For years, we’ve had this old lounge chair sitting in the back of the garage. It came with the house, so it’s at least 20 years old. The metal frame is in good condition, but the vinyl straps are broken. I kept it around with the vague idea of restrapping it – but when I finally got around to looking into it, I discovered that it’s a really difficult job, especially with the type of frame we have. And it certainly wouldn’t be cost-effective to take it anywhere to have it done. But I hated the idea of throwing it out, since the frame is much better than most of what you can buy today.
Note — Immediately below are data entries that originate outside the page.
(* Let $\ell$ be a positive odd integer, $p$ an odd prime, and $n$ a positive integer with $p^2\mid\Omega_\ell(n)$. Suppose there exist a divisor $d_1$ of $\ell$ and an integer $a$ with $2\le a\le n$ such that $p\,\|\,a^{d_1}+1$ (i.e. $p\mid a^{d_1}+1$ and $p^2\nmid a^{d_1}+1$), and suppose that $p\nmid b^{\gcd(\ell,p-1)}+1$ for every integer $b$ with $2\le b\le n$, $b\ne a$. Then $p\mid \ell$.
   Context: $\Omega_\ell(n)=\prod_{a=1}^{n}(a^\ell+1)$. *)

theory Defs
  imports "HOL-Computational_Algebra.Primes"
begin

definition Omega :: "nat \<Rightarrow> nat \<Rightarrow> nat" where
  "Omega l n = (\<Prod>a = 1..n. a ^ l + 1)"

end

theory Submission
  imports Defs "HOL-Number_Theory.Number_Theory"
begin

text \<open>Every factor \<open>b^\<ell> + 1\<close> with \<open>b \<noteq> a\<close> is prime to \<open>p\<close>: if \<open>p\<close> divided it,
  combining \<open>b^\<ell> \<equiv> -1\<close> with Fermat's \<open>b^(p-1) \<equiv> 1\<close> via Bezout would give
  \<open>b^gcd(\<ell>,p-1) \<equiv> -1 (mod p)\<close>, which is excluded. Hence \<open>p\<^sup>2 \<mid> a^\<ell> + 1\<close>. Writing
  \<open>\<ell> = d\<^sub>1 k\<close> with \<open>k\<close> odd and \<open>x = a^d\<^sub>1 = pt - 1\<close>, the binomial expansion gives
  \<open>x^k + 1 \<equiv> kpt (mod p\<^sup>2)\<close> with \<open>p \<nmid> t\<close>, so \<open>p \<mid> k\<close> and thus \<open>p \<mid> \<ell>\<close>.\<close>

lemma square_dvd_power_minus_one_linear:
  fixes y :: "'a :: comm_ring_1"
  shows "y^2 dvd (y - 1)^k - (-1)^k * (1 - of_nat k * y)"
proof (induction k)
  case 0
  then show ?case by simp
next
  case (Suc k)
  then obtain c where c: "(y - 1)^k = (-1)^k * (1 - of_nat k * y) + y^2 * c"
    by (auto simp: dvd_def algebra_simps)
  have "(y - 1)^Suc k = (-1)^Suc k * (1 - of_nat (Suc k) * y)
          + y^2 * ((-1)^Suc k * of_nat k + (y - 1) * c)"
    by (simp add: c algebra_simps power2_eq_square)
  then show ?case by simp
qed

lemma prime_dvd_exponent_if_square_dvd_odd_power_plus_one:
  fixes p x k :: nat
  assumes "prime p" "p dvd x + 1" "\<not> p^2 dvd x + 1" "odd k" "p^2 dvd x^k + 1"
  shows "p dvd k"
proof -
  obtain t where t: "x + 1 = p * t" using assms(2) by blast
  have "\<not> p dvd t"
    using assms(3) t by (auto simp: power2_eq_square)
  have x: "int x = int p * int t - 1"
    using arg_cong[OF t, of int] by simp
  obtain c where c: "(int p * int t - 1)^k - (-1)^k * (1 - int k * (int p * int t))
      = (int p * int t)^2 * c"
    using square_dvd_power_minus_one_linear[of "int p * int t" k] by (auto simp: dvd_def)
  have "int x ^ k + 1 = int p * (int k * int t) + (int p)^2 * (int t ^ 2 * c)"
    using c assms(4) by (simp add: x algebra_simps power_mult_distrib)
  moreover have "(int p)^2 dvd int x ^ k + 1"
    using assms(5) of_nat_dvd_iff[of "p^2" "x^k + 1", where 'a = int] by (simp add: add.commute)
  ultimately have "int p * int p dvd int p * (int k * int t)"
    by (simp add: dvd_add_left_iff power2_eq_square)
  then have "p dvd k * t"
    using assms(1) of_nat_dvd_iff[of p "k * t", where 'a = int] by (simp add: prime_gt_0_nat)
  with \<open>\<not> p dvd t\<close> show ?thesis
    using assms(1) prime_dvd_mult_iff by blast
qed

lemma cong_minus_one_iff_dvd_plus_one:
  fixes x m :: nat
  shows "[int x = -1] (mod int m) \<longleftrightarrow> m dvd x + 1"
  using of_nat_dvd_iff[of m "x + 1", where 'a = int] by (simp add: cong_iff_dvd_diff add.commute)

lemma cong_power_gcd_if_power_minus_one:
  fixes x m :: int
  assumes "[x ^ l = -1] (mod m)" "[x ^ e = 1] (mod m)" "l \<noteq> 0"
  obtains u where "[x ^ gcd l e = (-1)^u] (mod m)"
proof -
  obtain u v where uv: "l * u = e * v + gcd l e"
    using bezout_nat[OF assms(3)] by blast
  have "[x ^ gcd l e = (x ^ e) ^ v * x ^ gcd l e] (mod m)"
    using cong_mult[OF cong_pow[OF assms(2), of v] cong_refl] by (simp add: cong_sym)
  also have "(x ^ e) ^ v * x ^ gcd l e = (x ^ l) ^ u"
    by (simp add: uv power_add flip: power_mult)
  also have "[(x ^ l) ^ u = (-1)^u] (mod m)"
    using assms(1) by (rule cong_pow)
  finally show ?thesis using that by blast
qed

lemma prime_dvd_power_gcd_plus_one:
  fixes p b l :: nat
  assumes "prime p" "odd p" "odd l" "p dvd b^l + 1"
  shows "p dvd b ^ gcd l (p - 1) + 1"
proof -
  have "p > 2"
    using assms(1,2) prime_ge_2_nat[of p] by (cases "p = 2") auto
  have minus_one: "[int b ^ l = -1] (mod int p)"
    using assms(4) cong_minus_one_iff_dvd_plus_one[of "b ^ l" p] by simp
  have "\<not> p dvd b"
  proof
    assume "p dvd b"
    then have "p dvd b ^ l"
      using odd_pos[OF assms(3)] by (metis dvd_trans dvd_power)
    then have "p dvd 1"
      using assms(4) by (simp only: dvd_add_right_iff)
    with \<open>p > 2\<close> show False by simp
  qed
  then have "[int b ^ (p - 1) = 1] (mod int p)"
    using fermat_theorem[OF assms(1)] by (metis cong_int_iff of_nat_1 of_nat_power)
  then obtain u where u: "[int b ^ gcd l (p - 1) = (-1)^u] (mod int p)"
    using cong_power_gcd_if_power_minus_one[OF minus_one] odd_pos[OF assms(3)] by blast
  show ?thesis
  proof (cases "odd u")
    case True
    then show ?thesis
      using u cong_minus_one_iff_dvd_plus_one[of "b ^ gcd l (p - 1)" p] by simp
  next
    case False
    then have "[int b ^ gcd l (p - 1) = 1] (mod int p)"
      using u by simp
    then have "[(int b ^ gcd l (p - 1)) ^ (l div gcd l (p - 1)) = 1] (mod int p)"
      using cong_pow by fastforce
    then have "[-1 = 1] (mod int p)"
      using minus_one by (simp flip: power_mult) (meson cong_sym cong_trans)
    then have "p dvd 2"
      using cong_minus_one_iff_dvd_plus_one[of 1 p] by (simp add: cong_sym_eq numeral_2_eq_2)
    with \<open>p > 2\<close> show ?thesis by (simp add: dvd_imp_le leD)
  qed
qed

lemma prime_not_dvd_prod_other_factors:
  fixes l p n a :: nat
  assumes "odd l" "prime p" "odd p"
    and "\<forall>b. 2 \<le> b \<and> b \<le> n \<and> b \<noteq> a \<longrightarrow> \<not> p dvd b ^ gcd l (p - 1) + 1"
  shows "\<not> p dvd (\<Prod>b \<in> {1..n} - {a}. b ^ l + 1)"
proof
  assume "p dvd (\<Prod>b \<in> {1..n} - {a}. b ^ l + 1)"
  then have "\<exists>b \<in> {1..n} - {a}. p dvd b ^ l + 1"
    by (subst (asm) prime_dvd_prod_iff[OF _ assms(2)]) auto
  then obtain b where b: "b \<in> {1..n} - {a}" "p dvd b ^ l + 1" by blast
  show False
  proof (cases "b = 1")
    case True
    then have "p dvd 2" using b by (simp add: numeral_2_eq_2)
    then have "p \<le> 2" by (rule dvd_imp_le) simp
    with prime_ge_2_nat[OF assms(2)] have "p = 2" by simp
    with assms(3) show False by simp
  next
    case False
    with b have "2 \<le> b" "b \<le> n" "b \<noteq> a" by auto
    with assms(4) prime_dvd_power_gcd_plus_one[OF assms(2,3,1) b(2)] show False by blast
  qed
qed

theorem lemma6:
  fixes l p n d1 a :: nat
  assumes "l > 0" and "odd l"
    and "prime p" and "odd p"
    and "n > 0"
    and "p^2 dvd Omega l n"
    and "d1 dvd l"
    and "2 \<le> a" and "a \<le> n"
    and "p dvd a ^ d1 + 1" and "\<not> p^2 dvd a ^ d1 + 1"
    and "\<forall>b. 2 \<le> b \<and> b \<le> n \<and> b \<noteq> a \<longrightarrow> \<not> p dvd b ^ gcd l (p - 1) + 1"
  shows "p dvd l"
proof -
  have factor: "Omega l n = (a^l + 1) * (\<Prod>b \<in> {1..n} - {a}. b ^ l + 1)"
    unfolding Omega_def using assms(8,9) by (intro prod.remove) auto
  have coprime: "coprime (p^2) (\<Prod>b \<in> {1..n} - {a}. b ^ l + 1)"
    using prime_not_dvd_prod_other_factors[OF assms(2,3,4,12)] assms(3)
    by (simp add: prime_imp_coprime)
  have "p^2 dvd a^l + 1"
    using assms(6) by (simp only: factor coprime_dvd_mult_left_iff[OF coprime])
  obtain k where k: "l = d1 * k" using assms(7) by blast
  with assms(2) have "odd k" by simp
  with \<open>p^2 dvd a^l + 1\<close> have "p dvd k"
    using prime_dvd_exponent_if_square_dvd_odd_power_plus_one[OF assms(3,10,11)]
    by (simp add: k power_mult)
  with k show ?thesis by simp
qed

end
Then I had the bright idea to put wood slats on it. (Well, to have DH do it.) I have a cushion for it, so it wouldn’t really matter if it looked a little odd, as long as it was functional. And if it was a failure, it could just go out with the annual neighborhood cleanup next month. He had some scrap cedar fencing in the garage, so tried attaching a couple of pieces to see how it worked.


Not bad! So he picked up a couple more pieces of wood, and ta-da!


We have a fully functional lounge chair! And it’s already gotten a good bit of use in the past few days. Quirky, yes, but it goes with the house.

The other yard project I worked on today was the periodic painting of the metal chairs. These chairs are even older than the lounge chair – close to 30 years old. Every 2 or 3 years when they start showing some rust spots, I spray them with a new coat of paint and they’re good to go.


I’d hate to think how many coats of paint these chairs have on them after all these years, but they’ve certainly earned their keep.

Now we’re all set to enjoy the beautiful warm days.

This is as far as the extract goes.